T2F’s bookstore — an effort to lure people back into reading


March 13, 2017

With the T2F bookstore launch on Saturday evening, it seems that Karachi’s dwellers are slowly rousing from a deep slumber which kept them at a distance from old bookshops.

Collaborating with Mr Old Books which earlier had many branches across the city, the initiative aims at saving old bookstores by providing them with a platform where they may be able to expand their sales.

The bookstore owners, however, were not present on the occasion but they had left a documentary for the visitors that showed how none of them was sure if the shop would close down after them or not.

“Earlier, many booksellers would turn to Sunday Bazaar but after it was closed they had lost many customers. So by giving them space here, we might be able to help them,” said Asad Alvi, who hosted the launch.

He added that the books ranged from fiction and non-fiction to Urdu translations of Franz Kafka, Anton Chekhov and Albert Camus among others.

Speaking about the availability of books, one of the visitors said while old books had their own essence it was not easy to find new ones except in bookstores which sold them at exorbitant rates.

It was also pointed out that the major reason why readers faced this problem was the dearth of local publishing houses. Earlier, many locally published books could be bought at low prices. Turning to one of the oldest questions about the dying reading habit in adults, many opined that it varied from one group to another.

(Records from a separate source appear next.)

lemma card_solutions_mem:
  fixes X :: "'a set"
  assumes H: "K_subspace_pair K F H" and "(1, 0) \<in> H" and f: "f ` X \<subseteq> K"
  shows "card {(x, y) \<in> X \<times> F. \<forall>(a, b)\<in>H. a * f x + Tr (b * y) = 0} * card H
       = card {x \<in> X. f x = 0} * q ^ Suc s"
proof -
  have "(\<Sum>x\<in>X. card {y \<in> F. (f x, y) \<in> orth H}) = (\<Sum>x\<in>X. if f x = 0 then card (orth H) else 0)"
    using f by (intro sum.cong refl) (simp add: card_orth_fibre_mem[OF \<open>(1, 0) \<in> H\<close>] image_subset_iff)
  also have "\<dots> = card {x \<in> X. f x = 0} * card (orth H)"
    by (simp add: sum.If_cases Int_def conj_commute)
  finally show ?thesis
    using card_solutions_eq_sum[OF f] card_orth[OF H] by (simp add: mult.assoc)
qed

lemma card_solutions_not_mem:
  fixes X :: "'a set"
  assumes H: "K_subspace_pair K F H" and "(1, 0) \<notin> H" and f: "f ` X \<subseteq> K"
  shows "q * card {(x, y) \<in> X \<times> F. \<forall>(a, b)\<in>H. a * f x + Tr (b * y) = 0} * card H
       = card X * q ^ Suc s"
proof -
  have "q * (\<Sum>x\<in>X. card {y \<in> F. (f x, y) \<in> orth H}) = (\<Sum>x\<in>X. card (orth H))"
    using f by (simp add: sum_distrib_left card_orth_fibre_not_mem[OF H \<open>(1, 0) \<notin> H\<close>] image_subset_iff)
  then show ?thesis
    using card_solutions_eq_sum[OF f] card_orth[OF H] by (simp add: mult.assoc)
qed

lemma card_axis:
  assumes H: "K_subspace_pair K F H"
  shows "card {(a, b) \<in> H. b = 0 \<and> a \<noteq> 0} = (if (1, 0) \<in> H then q - 1 else 0)"
proof (cases "(1, 0) \<in> H")
  case True
  have "{(a, b) \<in> H. b = 0 \<and> a \<noteq> 0} = (\<lambda>a. (a, 0)) ` (K - {0})"
  proof
    show "{(a, b) \<in> H. b = 0 \<and> a \<noteq> 0} \<subseteq> (\<lambda>a. (a, 0)) ` (K - {0})"
      using K_subspace_pair_subset[OF H] by auto
    show "(\<lambda>a. (a, 0)) ` (K - {0}) \<subseteq> {(a, b) \<in> H. b = 0 \<and> a \<noteq> 0}"
      using K_subspace_pair_scale[OF H _ True] by (auto simp: scale_def)
  qed
  then show ?thesis
    using True K_zero card_K by (simp add: card_image inj_on_def)
next
  case False
  have "(a, 0) \<notin> H" if "a \<noteq> 0" for a
  proof
    assume "(a, 0) \<in> H"
    then have "scale (1 / a) (a, 0) \<in> H"
      using K_subspace_pair_subset[OF H] K_one K_divide by (auto intro: K_subspace_pair_scale[OF H])
    then show False
      using False \<open>a \<noteq> 0\<close> by (simp add: scale_def)
  qed
  then show ?thesis
    using False by auto
qed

“Many times our elders feel that they’ve read enough because they can only read in one language and because of the less content published in that language, it’s difficult for them to read other books,” one of the visitors said.

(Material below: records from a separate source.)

lemma expected_cost_le_rdt_cost:
  "x \<in> X \<Longrightarrow> (\<integral>\<^sup>+ t. of_nat (dt_cost t x) \<partial>measure_pmf D) \<le> rdt_cost X D"
  unfolding rdt_cost_def by (auto intro!: SUP_upper2 simp: ennreal_of_nat_eq_real_of_nat)

lemma Embeddings_nonempty:
  assumes "m \<ge> 2" "n \<ge> 3"
  shows "Embeddings n m \<noteq> {}"
proof -
  have "card (T_inner m) \<le> 2 * (m div 2)" using card_T_inner[OF assms(1)] by linarith
  also have "\<dots> \<le> card (node_cells n m)"
    unfolding card_node_cells using assms(2) by (intro mult_right_mono) auto
  finally obtain f where "f ` T_inner m \<subseteq> node_cells n m" "inj_on f (T_inner m)"
    using card_le_inj[OF finite_inner_nodes finite_node_cells] by blast
  then have "restrict f (T_inner m) \<in> Embeddings n m"
    unfolding Embeddings_def by (auto simp: inj_on_def)
  then show ?thesis by blast
qed

lemma Leaf_rows_nonempty: "n \<ge> 1 \<Longrightarrow> Leaf_rows n m \<noteq> {}"
  unfolding Leaf_rows_def by (auto simp: PiE_eq_empty_iff)

lemma expected_sum_marked_column_queries:
  assumes D: "rdt_correct (inputs n m) (h1 n m) D" and m2: "m \<ge> 2" and n2: "n \<ge> 2"
  shows "of_nat (card (Embeddings n m) * card (Leaf_rows n m)) * ennreal (4/5 * n * card (right_half m))
    \<le> (\<integral>\<^sup>+ t. of_nat (\<Sum>b\<in>right_half m. \<Sum>\<phi>\<in>Embeddings n m. \<Sum>\<rho>\<in>Leaf_rows n m.
          card (set (queries t (marked_input n m \<rho> \<phi> b)) \<inter> column n b)) \<partial>measure_pmf D)"
proof -
  have "of_nat (card (Embeddings n m) * card (Leaf_rows n m)) * ennreal (4/5 * n * card (right_half m))
      = (\<Sum>b\<in>right_half m. \<Sum>\<phi>\<in>Embeddings n m. \<Sum>\<rho>\<in>Leaf_rows n m. ennreal (4/5 * n))"
    by (simp add: ennreal_of_nat_eq_real_of_nat ennreal_mult[symmetric] mult_ac)
  also have "\<dots> \<le> (\<Sum>b\<in>right_half m. \<Sum>\<phi>\<in>Embeddings n m. \<Sum>\<rho>\<in>Leaf_rows n m.
      \<integral>\<^sup>+ t. of_nat (card (set (queries t (marked_input n m \<rho> \<phi> b)) \<inter> column n b)) \<partial>measure_pmf D)"
    by (intro sum_mono expected_marked_column_queries[OF D m2 n2]) (auto simp: right_half_def)
  finally show ?thesis by (simp only: nn_integral_pmf_of_nat_sum)
qed

lemma expected_sum_costs:
  assumes m2: "m \<ge> 2" and n2: "n \<ge> 2"
  shows "(\<integral>\<^sup>+ t. of_nat (4 * n_free n m * (\<Sum>\<phi>\<in>Embeddings n m. \<Sum>\<rho>\<in>Leaf_rows n m. dt_cost t (tree_input n m \<rho> \<phi>))
      + n * (\<Sum>u\<in>T_inner m. n_below m u *
               (\<Sum>\<phi>\<in>Embeddings n m. \<Sum>\<rho>\<in>Leaf_rows n m. dt_cost t (pruned_input n m \<rho> \<phi> u))))
      \<partial>measure_pmf D)
    \<le> of_nat (card (Embeddings n m) * card (Leaf_rows n m))
      * (of_nat (4 * n_free n m + n * (\<Sum>u\<in>T_inner m. n_below m u)) * rdt_cost (inputs n m) D)"
    (is "?I \<le> _")
proof -
  let ?K = "rdt_cost (inputs n m) D"
  have "?I = of_nat (4 * n_free n m) * (\<Sum>\<phi>\<in>Embeddings n m. \<Sum>\<rho>\<in>Leaf_rows n m.
        \<integral>\<^sup>+ t. of_nat (dt_cost t (tree_input n m \<rho> \<phi>)) \<partial>measure_pmf D)
      + of_nat n * (\<Sum>u\<in>T_inner m. of_nat (n_below m u) * (\<Sum>\<phi>\<in>Embeddings n m. \<Sum>\<rho>\<in>Leaf_rows n m.
        \<integral>\<^sup>+ t. of_nat (dt_cost t (pruned_input n m \<rho> \<phi> u)) \<partial>measure_pmf D))"
    by (simp only: nn_integral_pmf_of_nat_add nn_integral_pmf_of_nat_cmult nn_integral_pmf_of_nat_sum)
  also have "\<dots> \<le> of_nat (4 * n_free n m) * (\<Sum>\<phi>\<in>Embeddings n m. \<Sum>\<rho>\<in>Leaf_rows n m. ?K)
      + of_nat n * (\<Sum>u\<in>T_inner m. of_nat (n_below m u) * (\<Sum>\<phi>\<in>Embeddings n m. \<Sum>\<rho>\<in>Leaf_rows n m. ?K))"
    by (intro add_mono mult_left_mono sum_mono expected_cost_le_rdt_cost
        tree_input_in_inputs[OF m2 n2] pruned_input_in_inputs[OF m2 n2]) auto
  also have "\<dots> = of_nat (card (Embeddings n m) * card (Leaf_rows n m))
      * (of_nat (4 * n_free n m + n * (\<Sum>u\<in>T_inner m. n_below m u)) * ?K)"
    by (simp add: algebra_simps sum_distrib_left sum_distrib_right of_nat_sum)
  finally show ?thesis .
qed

The launch was followed by an open mic by the Nakaam Ashiq Society, wherein people of different backgrounds performed, sang ghazals and read out their own poetry.

Alvi also mentioned that the monthly book bazaar would become a regular feature to open doors to book lovers and outdoor space might also be used for that purpose.

Celebrating the launch, a mushaira was also held the next day to revive the centuries-old custom of oratory poetry.